> **Task brief**: No line before the one containing "then show ?case" should appear; that line and all lines after it, through the end of the data, are to be set down exactly.

Collected data:

lemma Moebius_denominator_nonzero:
  assumes "cmod \<xi> < 1" "cmod w \<le> 1"
  shows "1 - cnj \<xi> * w \<noteq> 0"
proof -
  have "cmod (cnj \<xi> * w) \<le> cmod \<xi>"
    using assms(2) by (simp add: norm_mult mult_left_le)
  then show ?thesis
    using assms(1) by auto
qed

lemma zero_order_ge_Moebius_function_comp:
  assumes "f holomorphic_on S" "open S" "connected S" "\<And>z. z \<in> S \<Longrightarrow> cmod (f z) < 1"
    and "cmod \<xi> < 1" "s \<in> S" "\<exists>w\<in>S. f w \<noteq> \<xi>"
  shows "zero_order_ge (\<lambda>z. Moebius_function 0 \<xi> (f z)) s (nat (zorder (\<lambda>z. f z - \<xi>) s))"
proof (rule zero_order_ge_mult[where S = S and u = "\<lambda>z. 1 / (1 - cnj \<xi> * f z)"])
  show "zero_order_ge (\<lambda>z. f z - \<xi>) s (nat (zorder (\<lambda>z. f z - \<xi>) s))"
    using assms by (intro zero_order_ge_zorder) (auto intro!: holomorphic_intros)
  show "(\<lambda>z. 1 / (1 - cnj \<xi> * f z)) holomorphic_on S"
    using assms Moebius_denominator_nonzero by (auto intro!: holomorphic_intros simp: less_imp_le)
qed (use assms in \<open>auto simp: Moebius_function_simple\<close>)

lemma norm_limit_le_1:
  assumes "\<And>z. Re z > 0 \<Longrightarrow> cmod (f z) < 1" "(f \<longlongrightarrow> l) (filtercomap Re at_top)"
  shows "cmod l \<le> 1"
proof -
  have "eventually (\<lambda>z. cmod (f z) \<le> 1) (filtercomap Re at_top)"
    using eventually_Re_gt_filtercomap[of 0] by eventually_elim (simp add: assms(1) less_imp_le)
  then show ?thesis
    by (rule tendsto_upperbound[OF tendsto_norm[OF assms(2)] _ filtercomap_Re_at_top_neq_bot])
qed

lemma exists_value_neq_of_limit_neq:
  fixes f :: "complex \<Rightarrow> complex"
  assumes "(f \<longlongrightarrow> l) (filtercomap Re at_top)" "\<xi> \<noteq> l"
  shows "\<exists>w. Re w > 0 \<and> f w \<noteq> \<xi>"
proof (rule ccontr)
  assume const: "\<not> (\<exists>w. Re w > 0 \<and> f w \<noteq> \<xi>)"
  have "eventually (\<lambda>z. \<xi> = f z) (filtercomap Re at_top)"
    using eventually_Re_gt_filtercomap[of 0] by eventually_elim (use const in auto)
  then have "(f \<longlongrightarrow> \<xi>) (filtercomap Re at_top)"
    by (rule Lim_transform_eventually[OF tendsto_const])
  then show False
    using assms tendsto_unique[OF filtercomap_Re_at_top_neq_bot] by blast
qed

lemma eventually_N_count_le:
  assumes holo: "f holomorphic_on {z. Re z > 0}" and into: "\<And>z. Re z > 0 \<Longrightarrow> cmod (f z) < 1"
    and lim: "(f \<longlongrightarrow> l) (filtercomap Re at_top)" and "cmod \<xi> < 1" "\<xi> \<noteq> l" "\<delta> > 0"
  shows "eventually (\<lambda>T. N_count f \<xi> T \<le> ereal (ln (cmod ((1 - cnj \<xi> * l) / (\<xi> - l))) + \<delta>)) at_top"
proof -
  define G where "G = (\<lambda>z. Moebius_function 0 \<xi> (f z))"
  define c where "c = cmod (Moebius_function 0 \<xi> l)"
  have den: "1 - cnj \<xi> * l \<noteq> 0"
    by (rule Moebius_denominator_nonzero[OF \<open>cmod \<xi> < 1\<close> norm_limit_le_1[OF into lim]])
  have zeros: "G s = 0 \<longleftrightarrow> f s = \<xi>" if "Re s > 0" for s
    using Moebius_denominator_nonzero[OF \<open>cmod \<xi> < 1\<close> less_imp_le[OF into[OF that]]]
    by (simp add: G_def Moebius_function_simple)
  have rhs: "- ln c = ln (cmod ((1 - cnj \<xi> * l) / (\<xi> - l)))"
    using den \<open>\<xi> \<noteq> l\<close> by (simp add: c_def Moebius_function_simple norm_divide ln_div norm_minus_commute)
  have "f ` {z. Re z > 0} \<subseteq> ball 0 1"
    using into by auto
  then have "G holomorphic_on {z. Re z > 0}"
    using holomorphic_on_compose_gen[OF holo Moebius_function_holomorphic[OF \<open>cmod \<xi> < 1\<close>]]
    by (simp add: G_def o_def)
  moreover have "cmod (G z) \<le> 1" if "Re z > 0" for z
    using Moebius_function_norm_lt_1[OF \<open>cmod \<xi> < 1\<close> into[OF that], of 0] by (simp add: G_def)
  moreover have "((\<lambda>z. cmod (G z)) \<longlongrightarrow> c) (filtercomap Re at_top)"
    unfolding G_def c_def Moebius_function_simple using lim den by (intro tendsto_intros) auto
  moreover have "c > 0"
    using den \<open>\<xi> \<noteq> l\<close> by (simp add: c_def Moebius_function_simple)
  moreover have "zero_order_ge G s (nat (zorder (\<lambda>z. f z - \<xi>) s))" if "Re s > 0" for s
    unfolding G_def using that holo into \<open>cmod \<xi> < 1\<close> exists_value_neq_of_limit_neq[OF lim \<open>\<xi> \<noteq> l\<close>]
    by (intro zero_order_ge_Moebius_function_comp[where S = "{z. Re z > 0}"])
       (auto simp: open_halfspace_Re_gt convex_halfspace_Re_gt convex_connected)
  ultimately have "eventually (\<lambda>T. \<forall>S. finite S \<longrightarrow> S \<subseteq> {s. Re s > 0 \<and> \<bar>Im s\<bar> < T \<and> G s = 0} \<longrightarrow>
      pi / T * (\<Sum>s\<in>S. real (nat (zorder (\<lambda>z. f z - \<xi>) s)) * Re s) \<le> - ln c + \<delta>) at_top"
    using \<open>\<delta> > 0\<close> by (intro eventually_sum_Re_zeros_le) auto
  then show ?thesis
    using eventually_gt_at_top[of 0]
  proof eventually_elim
    case (elim T)
    then show ?case
      using rhs by (intro N_count_le) (auto simp: halfplane_def zeros subset_iff)
  qed
qed

theorem theorem5p4:
  fixes f :: "complex \<Rightarrow> complex" and a :: "nat \<Rightarrow> complex" and \<xi> :: complex
  assumes "dirichlet_C0_to_D f a"
    and "\<xi> \<in> ball 0 1" and "\<xi> \<noteq> a 1"
  shows "Limsup at_top (\<lambda>T. N_count f \<xi> T)
           \<le> ereal (ln (cmod ((1 - cnj \<xi> * a 1) / (\<xi> - a 1))))"
proof -
  obtain \<kappa> where holo: "f holomorphic_on {z. Re z > 0}" and into: "\<And>z. Re z > 0 \<Longrightarrow> cmod (f z) < 1"
    and sums: "\<And>s. Re s > \<kappa> \<Longrightarrow> (\<lambda>n. a (Suc n) * of_nat (Suc n) powr (- s)) sums f s"
    using assms(1) unfolding dirichlet_C0_to_D_def halfplane_def by auto
  have "(f \<longlongrightarrow> a 1) (filtercomap Re at_top)"
    using sums by (rule dirichlet_series_tendsto_first_coeff)
  then show ?thesis
    using eventually_N_count_le[OF holo into] assms(2,3)
    by (intro Limsup_le_of_eventually_le) auto
qed

end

> **Response to this exercise**:
    then show ?case
      using rhs by (intro N_count_le) (auto simp: halfplane_def zeros subset_iff)
  qed
qed

theorem theorem5p4:
  fixes f :: "complex \<Rightarrow> complex" and a :: "nat \<Rightarrow> complex" and \<xi> :: complex
  assumes "dirichlet_C0_to_D f a"
    and "\<xi> \<in> ball 0 1" and "\<xi> \<noteq> a 1"
  shows "Limsup at_top (\<lambda>T. N_count f \<xi> T)
           \<le> ereal (ln (cmod ((1 - cnj \<xi> * a 1) / (\<xi> - a 1))))"
proof -
  obtain \<kappa> where holo: "f holomorphic_on {z. Re z > 0}" and into: "\<And>z. Re z > 0 \<Longrightarrow> cmod (f z) < 1"
    and sums: "\<And>s. Re s > \<kappa> \<Longrightarrow> (\<lambda>n. a (Suc n) * of_nat (Suc n) powr (- s)) sums f s"
    using assms(1) unfolding dirichlet_C0_to_D_def halfplane_def by auto
  have "(f \<longlongrightarrow> a 1) (filtercomap Re at_top)"
    using sums by (rule dirichlet_series_tendsto_first_coeff)
  then show ?thesis
    using eventually_N_count_le[OF holo into] assms(2,3)
    by (intro Limsup_le_of_eventually_le) auto
qed

end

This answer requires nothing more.